This is Science Friday. I'm Ira Flato. Later in the hour, the intersection of math and everyday life,

0:07.5

but first, remember the 1966 movie, Fantastic Voyage? It had a really interesting plot. A submarine

0:15.3

and its crew are shrunken down to microscopic size so they can be inserted into a person's body into the

0:23.1

bloodstream, travel through the arteries to repair a scientist's brain. But what if the future of

0:29.0

that sort lies not in metal and silicon, but in carefully designed collections of cells,

0:36.5

biological robots, programmed through their design to do some

0:40.6

important function.

0:42.4

Joining me now to talk about that, Josh Bondgard, he's professor in the Department of

0:46.9

Computer Science, University of Vermont, and co-author of a paper this week on the proof

0:52.1

of concept of a way to design these bio-robots

0:55.2

published in the proceedings of the National Academy of Sciences. Welcome to the program.

1:01.0

Thanks very much, Ira. Thanks for having me on. You're welcome. You know, some of the stories about this

1:05.3

have called these structures the first living robots. Is that accurate?

1:16.0

It's close.
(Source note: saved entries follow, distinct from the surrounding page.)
definition dominating_k_broadcast ::
  "'a set \<Rightarrow> ('a \<Rightarrow> 'a \<Rightarrow> bool) \<Rightarrow> nat \<Rightarrow> ('a \<Rightarrow> nat) \<Rightarrow> bool" where
  "dominating_k_broadcast V E k f \<longleftrightarrow>
     (\<forall>v\<in>V. f v \<le> k) \<and>
     (\<forall>u\<in>V. \<exists>v\<in>V. f v \<ge> 1 \<and> gdist V E u v \<le> f v)"

definition broadcast_cost :: "'a set \<Rightarrow> ('a \<Rightarrow> nat) \<Rightarrow> nat" where
  "broadcast_cost V f = (\<Sum>u\<in>V. f u)"

definition gamma_Bk :: "'a set \<Rightarrow> ('a \<Rightarrow> 'a \<Rightarrow> bool) \<Rightarrow> nat \<Rightarrow> nat" where
  "gamma_Bk V E k = (LEAST c. \<exists>f. dominating_k_broadcast V E k f \<and> broadcast_cost V f = c)"

end

theory Submission imports Defs begin

text \<open>A dominating broadcast can be moved off the leaves: a leaf broadcasting with strength
  \<open>f l \<ge> 1\<close> is replaced by its support vertex broadcasting with the same strength, which reaches
  every vertex the leaf reached. Summing the strengths of the leaves of each support vertex into it
  (capped at \<open>k\<close>) gives a broadcast of no larger cost that lives on non-leaves and still dominates,
  even when the leaves themselves are only covered through a twin. Since all non-leaves of \<open>T\<close> are
  in \<open>T\<^sup>*\<close> and shortest walks never pass through a leaf, distances between vertices of \<open>T\<^sup>*\<close> agree in
  \<open>T\<close> and \<open>T\<^sup>*\<close>, so such broadcasts transfer between the two trees in both directions.\<close>

lemma walk_single [simp]: "walk V E [x] \<longleftrightarrow> x \<in> V"
  by (auto simp: walk_def)

lemma walk_Cons_Cons [simp]:
  "walk V E (x # y # ys) \<longleftrightarrow> x \<in> V \<and> E x y \<and> walk V E (y # ys)"
proof
  assume w: "walk V E (x # y # ys)"
  have "E ((y # ys) ! i) ((y # ys) ! Suc i)" if "Suc i < length (y # ys)" for i
    using w that unfolding walk_def by (metis Suc_less_eq length_Cons nth_Cons_Suc)
  then show "x \<in> V \<and> E x y \<and> walk V E (y # ys)"
    using w unfolding walk_def by force
next
  assume a: "x \<in> V \<and> E x y \<and> walk V E (y # ys)"
  have "E ((x # y # ys) ! i) ((x # y # ys) ! Suc i)" if "Suc i < length (x # y # ys)" for i
    using a that unfolding walk_def by (cases i) simp_all
  then show "walk V E (x # y # ys)"
    using a unfolding walk_def by auto
qed

lemma walk_nonempty: "walk V E xs \<Longrightarrow> xs \<noteq> []"
  by (simp add: walk_def)

lemma walk_append:
  "walk V E xs \<Longrightarrow> walk V E ys \<Longrightarrow> last xs = hd ys \<Longrightarrow> walk V E (xs @ tl ys)"
proof (induction xs rule: induct_list012)
  case 1
  then show ?case by (simp add: walk_def)
next
  case (2 x)
  then show ?case by (cases ys) (auto simp: walk_def)
next
  case (3 x y zs)
  then show ?case by auto
qed

lemma walk_snoc: "walk V E xs \<Longrightarrow> x \<in> V \<Longrightarrow> E (last xs) x \<Longrightarrow> walk V E (xs @ [x])"
  by (induction xs rule: induct_list012) auto

lemma walk_rev: "graph V E \<Longrightarrow> walk V E xs \<Longrightarrow> walk V E (rev xs)"
proof (induction xs rule: induct_list012)
  case (3 x y ys)
  then show ?case
    using walk_snoc[of V E "rev (y # ys)" x] by (auto simp: graph_def)
qed auto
We have a lot of colleagues that have been trying to build and successfully building machines out of DNA and other living components. The main advance for our work here

1:23.0

is that we asked an AI to actually design these biobots for us.

1:28.3

So they're living things?

1:31.3

Well, I guess we could argue about that.

1:34.3

If you zoom into one of these biobots down to the level of a cell, it is definitely a living thing.

1:41.3

Our little biobots, we nicknamed them xenobots for the moment. They're made out of

1:45.4

cells taken from xenopus lavis, the African horned frog. So they definitely qualify at some

1:52.5

level as a living system, but they are not naturally evolved organisms. So they're not,

1:58.0

they can't reproduce on their own there? They definitely cannot reproduce on their own.

...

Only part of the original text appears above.